[Dataset entries]
***

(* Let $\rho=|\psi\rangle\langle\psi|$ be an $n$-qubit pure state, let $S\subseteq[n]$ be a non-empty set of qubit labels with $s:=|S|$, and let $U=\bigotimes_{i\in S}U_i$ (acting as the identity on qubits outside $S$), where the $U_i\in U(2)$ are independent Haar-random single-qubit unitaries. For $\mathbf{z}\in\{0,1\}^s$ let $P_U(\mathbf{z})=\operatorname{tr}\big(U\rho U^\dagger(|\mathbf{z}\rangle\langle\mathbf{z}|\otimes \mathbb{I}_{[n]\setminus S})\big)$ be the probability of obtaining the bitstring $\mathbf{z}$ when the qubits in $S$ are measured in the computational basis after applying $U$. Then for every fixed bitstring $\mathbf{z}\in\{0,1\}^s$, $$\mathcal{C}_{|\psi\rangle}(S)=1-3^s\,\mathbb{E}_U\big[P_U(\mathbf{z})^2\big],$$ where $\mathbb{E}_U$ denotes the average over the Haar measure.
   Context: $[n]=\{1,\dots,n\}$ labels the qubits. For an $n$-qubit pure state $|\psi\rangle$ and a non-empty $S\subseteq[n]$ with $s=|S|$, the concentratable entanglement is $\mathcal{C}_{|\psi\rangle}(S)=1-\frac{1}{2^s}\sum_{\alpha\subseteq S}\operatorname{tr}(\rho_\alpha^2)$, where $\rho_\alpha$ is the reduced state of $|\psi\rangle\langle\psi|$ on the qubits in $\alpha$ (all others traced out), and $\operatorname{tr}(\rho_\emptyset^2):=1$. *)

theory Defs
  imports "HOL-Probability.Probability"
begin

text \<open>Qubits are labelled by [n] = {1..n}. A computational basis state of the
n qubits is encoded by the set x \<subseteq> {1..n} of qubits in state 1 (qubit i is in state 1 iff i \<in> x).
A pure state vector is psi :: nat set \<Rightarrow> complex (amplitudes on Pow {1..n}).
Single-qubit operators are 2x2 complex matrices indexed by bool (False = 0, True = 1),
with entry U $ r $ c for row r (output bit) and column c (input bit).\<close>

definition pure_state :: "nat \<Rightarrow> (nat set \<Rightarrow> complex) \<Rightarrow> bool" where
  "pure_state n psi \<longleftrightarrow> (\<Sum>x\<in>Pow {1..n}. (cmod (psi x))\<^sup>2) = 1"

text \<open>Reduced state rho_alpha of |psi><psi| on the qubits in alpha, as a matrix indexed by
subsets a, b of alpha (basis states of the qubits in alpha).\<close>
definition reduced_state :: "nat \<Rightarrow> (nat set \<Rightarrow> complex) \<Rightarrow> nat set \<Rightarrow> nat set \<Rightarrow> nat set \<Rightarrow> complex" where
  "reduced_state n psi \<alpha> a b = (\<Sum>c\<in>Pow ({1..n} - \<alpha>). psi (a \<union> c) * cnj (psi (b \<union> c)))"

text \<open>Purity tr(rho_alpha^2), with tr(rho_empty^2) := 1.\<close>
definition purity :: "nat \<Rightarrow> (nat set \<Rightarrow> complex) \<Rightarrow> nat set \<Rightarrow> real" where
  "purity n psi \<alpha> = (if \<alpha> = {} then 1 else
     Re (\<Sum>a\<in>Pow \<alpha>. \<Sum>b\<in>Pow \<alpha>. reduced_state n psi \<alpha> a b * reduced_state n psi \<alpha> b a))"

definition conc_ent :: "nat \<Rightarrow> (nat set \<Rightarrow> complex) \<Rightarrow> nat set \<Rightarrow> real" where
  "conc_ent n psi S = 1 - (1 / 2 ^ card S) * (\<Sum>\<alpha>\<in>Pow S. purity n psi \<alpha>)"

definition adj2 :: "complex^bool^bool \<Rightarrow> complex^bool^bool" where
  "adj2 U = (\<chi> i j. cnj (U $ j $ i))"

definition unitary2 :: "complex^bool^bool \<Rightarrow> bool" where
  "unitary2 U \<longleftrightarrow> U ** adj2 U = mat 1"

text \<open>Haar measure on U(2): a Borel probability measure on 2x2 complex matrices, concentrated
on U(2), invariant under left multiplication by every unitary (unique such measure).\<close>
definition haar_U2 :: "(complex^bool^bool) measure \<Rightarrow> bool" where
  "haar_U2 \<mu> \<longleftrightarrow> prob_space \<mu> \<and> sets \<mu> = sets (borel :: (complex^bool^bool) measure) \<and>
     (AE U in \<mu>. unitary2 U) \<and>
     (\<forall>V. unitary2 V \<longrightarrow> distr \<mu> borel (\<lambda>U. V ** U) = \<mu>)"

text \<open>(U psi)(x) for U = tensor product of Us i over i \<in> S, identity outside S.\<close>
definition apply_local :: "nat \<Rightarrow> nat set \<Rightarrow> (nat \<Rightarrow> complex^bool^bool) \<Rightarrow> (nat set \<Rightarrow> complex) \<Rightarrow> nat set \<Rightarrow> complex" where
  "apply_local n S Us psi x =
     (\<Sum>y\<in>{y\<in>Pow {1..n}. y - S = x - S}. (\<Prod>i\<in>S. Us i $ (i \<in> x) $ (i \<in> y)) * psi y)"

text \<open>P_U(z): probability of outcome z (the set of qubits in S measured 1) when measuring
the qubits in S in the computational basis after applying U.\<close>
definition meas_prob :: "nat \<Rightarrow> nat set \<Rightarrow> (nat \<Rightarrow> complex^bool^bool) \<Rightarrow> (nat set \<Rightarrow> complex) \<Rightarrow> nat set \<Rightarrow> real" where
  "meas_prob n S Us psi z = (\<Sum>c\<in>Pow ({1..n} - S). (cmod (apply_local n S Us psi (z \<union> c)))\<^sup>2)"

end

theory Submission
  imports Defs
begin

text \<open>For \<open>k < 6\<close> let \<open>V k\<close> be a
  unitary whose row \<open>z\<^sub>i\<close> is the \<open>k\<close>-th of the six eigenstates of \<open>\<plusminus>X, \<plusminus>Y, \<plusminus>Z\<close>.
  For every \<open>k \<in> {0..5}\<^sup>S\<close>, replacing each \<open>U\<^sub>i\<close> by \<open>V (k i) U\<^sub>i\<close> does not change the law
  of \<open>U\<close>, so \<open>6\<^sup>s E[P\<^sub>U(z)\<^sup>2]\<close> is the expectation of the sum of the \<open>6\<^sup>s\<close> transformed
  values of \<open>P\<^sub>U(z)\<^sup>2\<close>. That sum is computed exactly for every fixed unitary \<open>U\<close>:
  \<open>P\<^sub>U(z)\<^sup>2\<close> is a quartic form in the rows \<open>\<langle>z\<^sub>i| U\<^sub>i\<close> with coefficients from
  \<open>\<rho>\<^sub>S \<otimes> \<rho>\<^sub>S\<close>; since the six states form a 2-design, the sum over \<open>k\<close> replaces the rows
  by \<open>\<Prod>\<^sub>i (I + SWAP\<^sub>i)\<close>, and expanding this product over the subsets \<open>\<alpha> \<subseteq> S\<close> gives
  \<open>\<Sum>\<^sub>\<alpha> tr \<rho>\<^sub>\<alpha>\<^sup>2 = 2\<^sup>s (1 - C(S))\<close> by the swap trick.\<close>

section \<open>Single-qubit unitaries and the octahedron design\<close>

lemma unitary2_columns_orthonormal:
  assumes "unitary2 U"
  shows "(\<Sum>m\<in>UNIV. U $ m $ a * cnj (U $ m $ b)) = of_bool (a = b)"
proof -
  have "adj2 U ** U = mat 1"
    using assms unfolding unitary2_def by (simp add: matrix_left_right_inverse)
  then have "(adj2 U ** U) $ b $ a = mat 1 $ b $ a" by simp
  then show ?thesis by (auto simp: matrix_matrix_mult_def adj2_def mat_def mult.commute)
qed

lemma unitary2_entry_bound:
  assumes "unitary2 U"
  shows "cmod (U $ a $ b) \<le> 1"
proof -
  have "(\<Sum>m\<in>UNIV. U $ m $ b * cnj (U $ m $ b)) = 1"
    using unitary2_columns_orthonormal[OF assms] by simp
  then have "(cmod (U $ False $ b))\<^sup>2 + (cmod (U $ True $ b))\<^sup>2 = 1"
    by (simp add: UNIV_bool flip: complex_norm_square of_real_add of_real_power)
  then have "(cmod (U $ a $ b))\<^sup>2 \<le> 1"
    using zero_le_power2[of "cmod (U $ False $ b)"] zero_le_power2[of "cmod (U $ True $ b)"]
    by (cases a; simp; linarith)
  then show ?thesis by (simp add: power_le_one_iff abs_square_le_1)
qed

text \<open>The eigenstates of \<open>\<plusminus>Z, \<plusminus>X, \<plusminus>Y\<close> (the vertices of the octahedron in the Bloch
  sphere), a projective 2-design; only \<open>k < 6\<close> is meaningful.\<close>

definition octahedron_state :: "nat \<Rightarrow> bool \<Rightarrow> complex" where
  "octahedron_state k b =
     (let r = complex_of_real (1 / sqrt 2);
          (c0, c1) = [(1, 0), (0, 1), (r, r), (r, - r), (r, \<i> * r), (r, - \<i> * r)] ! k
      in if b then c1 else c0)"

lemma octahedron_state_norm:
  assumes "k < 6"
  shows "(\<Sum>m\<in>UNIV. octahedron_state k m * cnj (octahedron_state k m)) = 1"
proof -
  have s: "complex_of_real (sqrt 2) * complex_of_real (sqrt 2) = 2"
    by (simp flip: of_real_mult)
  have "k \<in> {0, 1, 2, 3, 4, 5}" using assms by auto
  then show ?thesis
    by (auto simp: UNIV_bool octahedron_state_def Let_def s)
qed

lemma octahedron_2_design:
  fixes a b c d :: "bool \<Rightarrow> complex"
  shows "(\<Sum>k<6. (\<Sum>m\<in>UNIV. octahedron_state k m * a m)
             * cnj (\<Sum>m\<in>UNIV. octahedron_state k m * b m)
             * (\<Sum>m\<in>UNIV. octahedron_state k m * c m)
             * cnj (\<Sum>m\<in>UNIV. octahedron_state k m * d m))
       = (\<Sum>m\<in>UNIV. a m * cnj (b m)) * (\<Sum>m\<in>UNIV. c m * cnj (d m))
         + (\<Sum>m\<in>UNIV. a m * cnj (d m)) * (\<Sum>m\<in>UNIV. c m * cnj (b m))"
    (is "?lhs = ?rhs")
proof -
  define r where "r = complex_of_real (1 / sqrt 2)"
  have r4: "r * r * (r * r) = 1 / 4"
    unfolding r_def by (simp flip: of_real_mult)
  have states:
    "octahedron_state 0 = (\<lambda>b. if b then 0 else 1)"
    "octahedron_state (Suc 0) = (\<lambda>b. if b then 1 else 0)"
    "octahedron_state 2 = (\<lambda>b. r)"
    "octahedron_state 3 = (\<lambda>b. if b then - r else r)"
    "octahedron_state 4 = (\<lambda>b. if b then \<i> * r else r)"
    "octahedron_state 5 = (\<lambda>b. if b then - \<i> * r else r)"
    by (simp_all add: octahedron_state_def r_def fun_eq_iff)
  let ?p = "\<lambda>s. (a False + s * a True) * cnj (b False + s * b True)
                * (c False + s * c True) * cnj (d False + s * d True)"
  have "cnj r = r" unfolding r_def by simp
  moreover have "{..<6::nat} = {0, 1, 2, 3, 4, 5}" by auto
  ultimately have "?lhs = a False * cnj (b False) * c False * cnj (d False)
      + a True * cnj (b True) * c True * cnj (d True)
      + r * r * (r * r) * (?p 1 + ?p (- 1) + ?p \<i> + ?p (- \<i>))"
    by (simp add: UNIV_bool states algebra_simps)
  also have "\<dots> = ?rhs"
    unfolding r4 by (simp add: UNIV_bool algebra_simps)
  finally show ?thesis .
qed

***

> _What is required_
Which lines of the records contain "subsets"? Show each of them.

> _Answer section_
subsets a, b of alpha (basis states of the qubits in alpha).\<close>
  by \<open>\<Prod>\<^sub>i (I + SWAP\<^sub>i)\<close>, and expanding this product over the subsets \<open>\<alpha> \<subseteq> S\<close> gives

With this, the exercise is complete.